Data for this task
lemma CSCA_eigen_X_trace:
  assumes A: "CSCA (a, b, c, d)"
    and eigen: "mat_vec (a, b, c, d) (x1, x2) = (fls_X * x1, fls_X * x2)"
    and nonzero: "x1 \<noteq> 0 \<or> x2 \<noteq> 0"
  shows "d = a + (fls_X_inv + fls_X)"
proof -
  have det: "a * d + b * c = 1" using A by (simp add: CSCA_def)
  have e: "a * x1 + b * x2 + fls_X * x1 = 0" "c * x1 + d * x2 + fls_X * x2 = 0"
    using eigen by (simp_all add: mat_vec_def)
  define \<chi> where "\<chi> = a * d + b * c + fls_X * (a + d) + fls_X * fls_X"
  have "\<chi> * x1 = (d + fls_X) * (a * x1 + b * x2 + fls_X * x1) + b * (c * x1 + d * x2 + fls_X * x2)"
    "\<chi> * x2 = (a + fls_X) * (c * x1 + d * x2 + fls_X * x2) + c * (a * x1 + b * x2 + fls_X * x1)"
    by (simp_all add: \<chi>_def algebra_simps)
  hence "\<chi> = 0" using e nonzero by auto
  hence "fls_X_inv * \<chi> = 0" by simp
  moreover have "fls_X_inv * \<chi> = fls_X_inv + (a + d) + fls_X"
    using det by (simp add: \<chi>_def algebra_simps)
  ultimately have "fls_X_inv + (a + d) + fls_X = 0" by simp
  moreover have "d = (fls_X_inv + (a + d) + fls_X) + (a + (fls_X_inv + fls_X))"
    by (simp add: algebra_simps)
  ultimately show ?thesis by simp
qed

lemma fls_nth_add_lbar_0: "laurent_poly z \<Longrightarrow> fls_nth (z + lbar z) 0 = 0"
  by (simp add: fls_nth_lbar)

lemma wedge_vbar_neq_1:
  assumes "laurent_poly x1" "laurent_poly x2"
  shows "wedge (x1, x2) (vbar (x1, x2)) \<noteq> 1"
proof -
  have "wedge (x1, x2) (vbar (x1, x2)) = x1 * lbar x2 + lbar (x1 * lbar x2)"
    using assms by (simp add: wedge_def vbar_def lbar_mult mult.commute)
  hence "fls_nth (wedge (x1, x2) (vbar (x1, x2))) 0 = 0"
    using assms by (simp only: fls_nth_add_lbar_0 laurent_poly_mult laurent_poly_lbar)
  thus ?thesis by auto
qed

lemma palindrome_wedge_vbar:
  "laurent_poly x1 \<Longrightarrow> laurent_poly x2 \<Longrightarrow> palindrome (wedge (x1, x2) (vbar (x1, x2)))"
  by (simp add: palindrome_def wedge_def vbar_def lbar_add lbar_mult ac_simps)

lemma wedge_vbar_eigen_identities:
  assumes pal: "palindrome a" "palindrome b" "palindrome c"
    and x: "laurent_poly x1" "laurent_poly x2"
    and E1: "(a + fls_X) * x1 = b * x2" and E2: "c * x1 = (a + fls_X_inv) * x2"
  defines "w \<equiv> wedge (x1, x2) (vbar (x1, x2))" and "t \<equiv> fls_X_inv + fls_X"
  shows "b * w = t * (x1 * lbar x1)" "(a + fls_X_inv) * w = t * (x1 * lbar x2)"
    "(a + fls_X) * w = t * (x2 * lbar x1)" "c * w = t * (x2 * lbar x2)"
proof -
  have F1: "(a + fls_X_inv) * lbar x1 = b * lbar x2"
    using arg_cong[OF E1, of lbar] pal x
    by (simp add: lbar_mult lbar_add palindrome_laurent_poly palindrome_lbar)
  have F2: "c * lbar x1 = (a + fls_X) * lbar x2"
    using arg_cong[OF E2, of lbar] pal x
    by (simp add: lbar_mult lbar_add palindrome_laurent_poly palindrome_lbar)
  have w: "w = x1 * lbar x2 + lbar x1 * x2" by (simp add: w_def wedge_def vbar_def)
  have "b * w = x1 * (b * lbar x2) + lbar x1 * (b * x2)" by (simp add: w algebra_simps)
  also have "\<dots> = x1 * ((a + fls_X_inv) * lbar x1) + lbar x1 * ((a + fls_X) * x1)"
    by (simp only: E1 F1)
  also have "\<dots> = t * (x1 * lbar x1)" by (simp add: t_def algebra_simps)
  finally show "b * w = t * (x1 * lbar x1)" .
  have "(a + fls_X_inv) * w = x1 * lbar x2 * (a + fls_X_inv) + x2 * ((a + fls_X_inv) * lbar x1)"
    by (simp add: w algebra_simps)
  also have "\<dots> = x1 * lbar x2 * (a + fls_X_inv) + lbar x2 * ((a + fls_X) * x1)"
    using E1 F1 by (metis mult.commute mult.left_commute)
  also have "\<dots> = t * (x1 * lbar x2)" by (simp add: t_def algebra_simps)
  finally show "(a + fls_X_inv) * w = t * (x1 * lbar x2)" .
  have "(a + fls_X) * w = lbar x2 * ((a + fls_X) * x1) + x2 * lbar x1 * (a + fls_X)"
    by (simp add: w algebra_simps)
  also have "\<dots> = x2 * ((a + fls_X_inv) * lbar x1) + x2 * lbar x1 * (a + fls_X)"
    using E1 F1 by (metis mult.commute mult.left_commute)
  also have "\<dots> = t * (x2 * lbar x1)" by (simp add: t_def algebra_simps)
  finally show "(a + fls_X) * w = t * (x2 * lbar x1)" .
  have "c * w = lbar x2 * (c * x1) + x2 * (c * lbar x1)" by (simp add: w algebra_simps)
  also have "\<dots> = lbar x2 * ((a + fls_X_inv) * x2) + x2 * ((a + fls_X) * lbar x2)"
    by (simp only: E2 F2)
  also have "\<dots> = t * (x2 * lbar x2)" by (simp add: t_def algebra_simps)
  finally show "c * w = t * (x2 * lbar x2)" .
qed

Problem
Within the listing above, extract exactly the lines from the line with "using arg_cong[OF E1, of lbar] pal x" to the line with "lbar x1) + x2", the two named lines included, and no others.

Your solution
    using arg_cong[OF E1, of lbar] pal x
    by (simp add: lbar_mult lbar_add palindrome_laurent_poly palindrome_lbar)
  have F2: "c * lbar x1 = (a + fls_X) * lbar x2"
    using arg_cong[OF E2, of lbar] pal x
    by (simp add: lbar_mult lbar_add palindrome_laurent_poly palindrome_lbar)
  have w: "w = x1 * lbar x2 + lbar x1 * x2" by (simp add: w_def wedge_def vbar_def)
  have "b * w = x1 * (b * lbar x2) + lbar x1 * (b * x2)" by (simp add: w algebra_simps)
  also have "\<dots> = x1 * ((a + fls_X_inv) * lbar x1) + lbar x1 * ((a + fls_X) * x1)"
    by (simp only: E1 F1)
  also have "\<dots> = t * (x1 * lbar x1)" by (simp add: t_def algebra_simps)
  finally show "b * w = t * (x1 * lbar x1)" .
  have "(a + fls_X_inv) * w = x1 * lbar x2 * (a + fls_X_inv) + x2 * ((a + fls_X_inv) * lbar x1)"
    by (simp add: w algebra_simps)
  also have "\<dots> = x1 * lbar x2 * (a + fls_X_inv) + lbar x2 * ((a + fls_X) * x1)"
    using E1 F1 by (metis mult.commute mult.left_commute)
  also have "\<dots> = t * (x1 * lbar x2)" by (simp add: t_def algebra_simps)
  finally show "(a + fls_X_inv) * w = t * (x1 * lbar x2)" .
  have "(a + fls_X) * w = lbar x2 * ((a + fls_X) * x1) + x2 * lbar x1 * (a + fls_X)"
    by (simp add: w algebra_simps)
  also have "\<dots> = x2 * ((a + fls_X_inv) * lbar x1) + x2 * lbar x1 * (a + fls_X)"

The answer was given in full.